> _WORKING DATA_
text \<open>The iterates are eventually periodic; a multiple of the period beyond the preperiod is
  idempotent.\<close>

lemma finite_funpow_idempotent:
  assumes "finite X" "f ` X \<subseteq> X"
  obtains k where "k \<ge> 1" "\<forall>x\<in>X. (f ^^ k) ((f ^^ k) x) = (f ^^ k) x"
proof -
  have "restrict (f ^^ n) X \<in> X \<rightarrow>\<^sub>E X" for n
    using funpow_image_subset[OF assms(2), of n] by auto
  then have "range (\<lambda>n. restrict (f ^^ n) X) \<subseteq> X \<rightarrow>\<^sub>E X" by blast
  then have "finite (range (\<lambda>n. restrict (f ^^ n) X))"
    by (rule finite_subset) (simp add: assms(1) finite_PiE)
  then have "\<not> inj (\<lambda>n. restrict (f ^^ n) X)"
    using finite_imageD infinite_UNIV_nat by blast
  then obtain a b where "a < b" "restrict (f ^^ a) X = restrict (f ^^ b) X"
    unfolding inj_def by (metis linorder_neq_iff)
  then have period: "(f ^^ b) x = (f ^^ a) x" if "x \<in> X" for x
    using that by (metis restrict_apply')
  have iter: "(f ^^ (m + n)) x = (f ^^ m) ((f ^^ n) x)" for m n x
    by (simp add: funpow_add)
  define d where "d = b - a"
  have "b = d + a" "d \<ge> 1" using \<open>a < b\<close> unfolding d_def by auto
  have shift: "(f ^^ (n + i * d)) ((f ^^ a) x) = (f ^^ n) ((f ^^ a) x)" if "x \<in> X" for n i x
  proof (induction i)
    case (Suc i)
    have "(f ^^ (n + Suc i * d)) ((f ^^ a) x) = (f ^^ (n + i * d)) ((f ^^ b) x)"
      unfolding \<open>b = d + a\<close> iter[symmetric] by (simp add: algebra_simps)
    also have "\<dots> = (f ^^ n) ((f ^^ a) x)" using Suc period[OF that] by simp
    finally show ?case .
  qed simp
  define k where "k = (a + 1) * d"
  have "k \<ge> a + 1" using mult_le_mono2[OF \<open>d \<ge> 1\<close>, of "a + 1"] unfolding k_def by simp
  have "(f ^^ k) ((f ^^ k) x) = (f ^^ k) x" if "x \<in> X" for x
  proof -
    have "(f ^^ k) ((f ^^ k) x) = (f ^^ ((k - a) + (a + 1) * d)) ((f ^^ a) x)"
      unfolding iter[symmetric] using \<open>k \<ge> a + 1\<close> by (simp add: k_def)
    also have "\<dots> = (f ^^ (k - a)) ((f ^^ a) x)"
      by (rule shift[OF that])
    also have "\<dots> = (f ^^ k) x"
      unfolding iter[symmetric] using \<open>k \<ge> a + 1\<close> by simp
    finally show ?thesis .
  qed
  with \<open>k \<ge> a + 1\<close> show ?thesis by (intro that[of k]) auto
qed

text \<open>On the image of an idempotent iterate \<open>f ^^ k\<close> the map \<open>f ^^ (k - 1)\<close> inverts \<open>f\<close>, so
  \<open>f\<close> permutes this image and, both being continuous, preserves and reflects adjacency.\<close>

lemma digital_automorphism_funpow_image:
  assumes X: "digital_image X adj" "finite X" and f: "digitally_continuous X adj X adj f"
    and "k \<ge> 1" and idem: "\<forall>x\<in>X. (f ^^ k) ((f ^^ k) x) = (f ^^ k) x"
  shows "digital_automorphism ((f ^^ k) ` X) adj f"
proof -
  let ?Y = "(f ^^ k) ` X"
  have fX: "f ` X \<subseteq> X" using f unfolding digitally_continuous_def by blast
  have "?Y \<subseteq> X" using funpow_image_subset[OF fX] .
  have fY: "f ` ?Y \<subseteq> ?Y"
  proof (rule image_subsetI)
    fix y assume "y \<in> ?Y"
    then obtain x where "x \<in> X" "y = (f ^^ k) x" by blast
    then have "f y = (f ^^ k) (f x)" by (simp add: funpow_swap1)
    with \<open>x \<in> X\<close> fX show "f y \<in> ?Y" by blast
  qed
  have inverse: "(f ^^ (k - 1)) (f y) = y" if "y \<in> ?Y" for y
  proof -
    have "(f ^^ (k - 1)) (f y) = (f ^^ k) y"
      using \<open>k \<ge> 1\<close> by (metis Suc_diff_le diff_Suc_1 funpow_Suc_right o_apply)
    then show ?thesis using idem that by auto
  qed
  then have inj: "inj_on f ?Y" by (metis inj_onI)
  moreover have "f ` ?Y = ?Y"
    by (rule endo_inj_surj[OF _ fY inj]) (use X(2) in simp)
  ultimately have "bij_betw f ?Y ?Y" unfolding bij_betw_def by blast
  moreover have "adj (f x) (f y) \<longleftrightarrow> adj x y" if "x \<in> ?Y" "y \<in> ?Y" for x y
  proof
    assume adj_f: "adj (f x) (f y)"
    have "f x \<in> X" "f y \<in> X" using that fY \<open>?Y \<subseteq> X\<close> by blast+
    then have "f x \<noteq> f y" using adj_f X(1) unfolding digital_image_def by auto
    have "adjeq adj ((f ^^ (k - 1)) (f x)) ((f ^^ (k - 1)) (f y))"
      by (rule digitally_continuous_adjeq[OF digitally_continuous_funpow[OF f]])
        (use \<open>f x \<in> X\<close> \<open>f y \<in> X\<close> adj_f in \<open>auto simp: adjeq_def\<close>)
    then have "adjeq adj x y" using inverse that by simp
    with \<open>f x \<noteq> f y\<close> show "adj x y" unfolding adjeq_def by auto
  next
    assume "adj x y"
    moreover have "x \<in> X" "y \<in> X" using that \<open>?Y \<subseteq> X\<close> by blast+
    ultimately have "adjeq adj (f x) (f y)" "x \<noteq> y"
      using digitally_continuous_adjeq[OF f] X(1) unfolding digital_image_def adjeq_def by auto
    then show "adj (f x) (f y)"
      using inj_on_eq_iff[OF inj that] unfolding adjeq_def by auto
  qed
  ultimately show ?thesis unfolding digital_automorphism_def by blast
qed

> _EXERCISE BRIEF_
Read the entries and select each line where the word "period" is found.

> _PROBLEM SOLUTION_
text \<open>The iterates are eventually periodic; a multiple of the period beyond the preperiod is
  then have period: "(f ^^ b) x = (f ^^ a) x" if "x \<in> X" for x
    also have "\<dots> = (f ^^ n) ((f ^^ a) x)" using Suc period[OF that] by simp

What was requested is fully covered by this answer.